2025 film by Choi Won-sub

Hitman 2 is a 2025 South Korean action comedy film directed by Choi Won-sub. The film, a sequel to the 2020 film Hitman: Agent Jun, stars Kwon Sang-woo, Jung Joon-ho, Lee Yi-kyung, Hwang Woo-seul-hye, Kim Sung-oh, and Lee Ji-won.
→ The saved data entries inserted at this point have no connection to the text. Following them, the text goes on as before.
(* CTL*$_{cd}$ has a tree-like model property: every satisfiable CTL*$_{cd}$ state formula $\varphi$ is satisfied (i.e. $\mathcal K\models\varphi$) by some Kripke structure $\mathcal K$ that is a tree with back edges.
   Context: A Kripke structure over a finite set $AP$ of atomic propositions is a tuple $\mathcal K=(AP,W,R,L,w_I)$ where $W$ is a countable non-empty set of worlds, $w_I\in W$ is the initial world, $R\subseteq W\times W$ is a left-total transition relation (every world has at least one $R$-successor), and $L:W\to 2^{AP}$ is a labelling function. A path is an infinite sequence $\pi=\pi_0\pi_1\cdots$ of worlds with $(\pi_i,\pi_{i+1})\in R$ for all $i\in\mathbb N$; $\mathrm{Pth}(w)$ is the set of paths with $\pi_0=w$. A path $\pi$ is a cycle if for every $i\in\mathbb N$ there is $j>i$ with $\pi_j=\pi_0$ (i.e. $\pi_0$ occurs infinitely often in $\pi$); $\mathrm{Cyc}(w)$ is the set of cycles with $\pi_0=w$. Syntax of CTL*$_{cd}$: state formulas $\varphi::=p\mid\neg\varphi\mid\varphi\wedge\varphi\mid\varphi\vee\varphi\mid \mathsf E\psi\mid\mathsf A\psi\mid\mathsf E^{c}\psi\mid\mathsf A^{c}\psi$ with $p\in AP$; path formulas $\psi::=\varphi\mid\neg\psi\mid\psi\wedge\psi\mid\psi\vee\psi\mid\mathsf X\psi\mid\psi\,\mathsf U\,\psi$. Semantics: $\mathcal K,w\models p$ iff $p\in L(w)$; Boolean connectives as usual; $\mathcal K,w\models\mathsf E\psi$ iff some $\pi\in\mathrm{Pth}(w)$ has $\mathcal K,\pi,0\models\psi$; $\mathcal K,w\models\mathsf A\psi$ iff every $\pi\in\mathrm{Pth}(w)$ has $\mathcal K,\pi,0\models\psi$; $\mathcal K,w\models\mathsf E^{c}\psi$ iff some $\pi\in\mathrm{Cyc}(w)$ has $\mathcal K,\pi,0\models\psi$; $\mathcal K,w\models\mathsf A^{c}\psi$ iff every $\pi\in\mathrm{Cyc}(w)$ has $\mathcal K,\pi,0\models\psi$. For paths: $\mathcal K,\pi,i\models\varphi$ (state formula) iff $\mathcal K,\pi_i\models\varphi$; Boolean connectives as usual; $\mathcal K,\pi,i\models\mathsf X\psi$ iff $\mathcal K,\pi,i+1\models\psi$; $\mathcal K,\pi,i\models\psi_1\mathsf U\psi_2$ iff there is $k\ge0$ with $\mathcal K,\pi,i+k\models\psi_2$ and $\mathcal K,\pi,i+j\models\psi_1$ for all $0\le j<k$. $\mathcal K\models\varphi$ iff $\mathcal K,w_I\models\varphi$. A state formula is satisfiable if $\mathcal K\models\varphi$ for some Kripke structure $\mathcal K$. A Kripke structure $\mathcal K=(AP,W,R,L,w_I)$ is a tree with back edges if there exist a relation $R_0\subseteq W\times W$ and a partial map $f:W\to W$ such that: (i) $(W,R_0)$ is a tree with root $w_I$ ($R_0$ being the child relation); (ii) $R=R_0\cup\{(w,f(w)) : w\in\mathrm{dom}(f)\}$; (iii) for every $w\in\mathrm{dom}(f)$, $f(w)$ is an ancestor of $w$ in the tree, i.e. $(f(w),w)\in R_0^+$ (with $R_0^+$ the transitive closure of $R_0$); (iv) for all $w_1,w_2\in W$, if $f(w_1)$ is defined and $(f(w_2),w_1)\in R_0^+$ and $(w_1,w_2)\in R_0^+$, then $f(w_1)=f(w_2)$. *)

theory Defs
  imports "HOL-Library.Countable_Set"
begin

record ('a, 'w) kripke =
  AP :: "'a set"
  W  :: "'w set"
  R  :: "('w \<times> 'w) set"
  L  :: "'w \<Rightarrow> 'a set"
  wI :: 'w

definition is_kripke :: "('a, 'w) kripke \<Rightarrow> bool" where
  "is_kripke K \<longleftrightarrow>
     finite (AP K) \<and> countable (W K) \<and> W K \<noteq> {} \<and> wI K \<in> W K \<and>
     R K \<subseteq> W K \<times> W K \<and>
     (\<forall>w\<in>W K. \<exists>v. (w, v) \<in> R K) \<and>
     (\<forall>w\<in>W K. L K w \<subseteq> AP K)"

definition Pth :: "('a, 'w) kripke \<Rightarrow> 'w \<Rightarrow> (nat \<Rightarrow> 'w) set" where
  "Pth K w = {\<pi>. \<pi> 0 = w \<and> (\<forall>i. (\<pi> i, \<pi> (Suc i)) \<in> R K)}"

definition is_cycle :: "(nat \<Rightarrow> 'w) \<Rightarrow> bool" where
  "is_cycle \<pi> \<longleftrightarrow> (\<forall>i. \<exists>j>i. \<pi> j = \<pi> 0)"

definition Cyc :: "('a, 'w) kripke \<Rightarrow> 'w \<Rightarrow> (nat \<Rightarrow> 'w) set" where
  "Cyc K w = {\<pi> \<in> Pth K w. is_cycle \<pi>}"

datatype 'a sform =
    Prop 'a
  | SNot "'a sform"
  | SAnd "'a sform" "'a sform"
  | SOr "'a sform" "'a sform"
  | Ex "'a pform"
  | All "'a pform"
  | ExC "'a pform"
  | AllC "'a pform"
and 'a pform =
    State "'a sform"
  | PNot "'a pform"
  | PAnd "'a pform" "'a pform"
  | POr "'a pform" "'a pform"
  | Next "'a pform"
  | Until "'a pform" "'a pform"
It was released on January 22, 2025.
==Premise ==
Jun, who gained brief fame as the creator of the webtoon Assassination Agent Jun, quickly earns the reputation of a "brainless writer" after Season 2 gets criticized miserably, but things take a turn when a real-life terrorist attack mirrors the plot of Season 2, leaving Jun wrongly accused by the NIS of being the mastermind behind the crime.

==Cast==

- Kwon Sang-woo as Kim Bong-joon / Jun / Kim Soo-hyuk
- Jung Joon-ho as Cheon Deok-kyu
- Lee Yi-kyung as Cheol
- Hwang Woo-seul-hye as Lee Mi-na
- Kim Sung-oh as Chang Cheol-ryong / Pierre Jean
- Lee Ji-won as Kim Ga-young
- Lee Soon-won as Cha Yong-chool, National Intelligence Service agent
- Han Ji-eun as Jeon Hae-in, Pierre Jean's subordinate the final runner
- Lee Joon-hyuk as Park Kyu-man, editor in chief
- Park Kwang-jae as Anton, Pierre Jean's subordinate
- Kim Han-joon as Sasha, Pierre Jean's subordinate
- Alexander as Vladimir, Russian terrorist loses left eye
- Song You-ha as Kunimura, Yakuza boss who lost his left index and middle fingers
- Park Tae-san as Cheng, Chinese killer with two large scars on his face
- Choi Ji-woo as doctor

==Production==

In May 2023, Kim Sung-oh and Lee Soon-won joined the original cast of the film.

Principal photography began on June 2, 2023, and filming ended on September 3, 2023.

==Release==

Hitman 2 premiered in South Korean theaters on January 22, 2025 released by Bypoem Studio.

==Reception==

===Box office===

The film was released on January 22, 2025 on 1,410 screens. It opened at first place at the South Korean box office with 105,911 running audiences. It surpassed the number of cinegoers on the opening day of the previous work Hitman: Agent Jun released in 2020. In the first weekend it was at 2nd place with 604,887 commutative audience at the Korean box office. On January 29, the film surpassed 1 million audience on 8th day of its release. It is the first Korean film to do so in 2025 at the box office. On February 3, it crossed 2 million viewers on 13th day of its release.

As of 7 August 2025, the film has grossed from 2,547,598 admissions, making it one of the highest-grossing Korean films released in 2025 at the South Korean box office.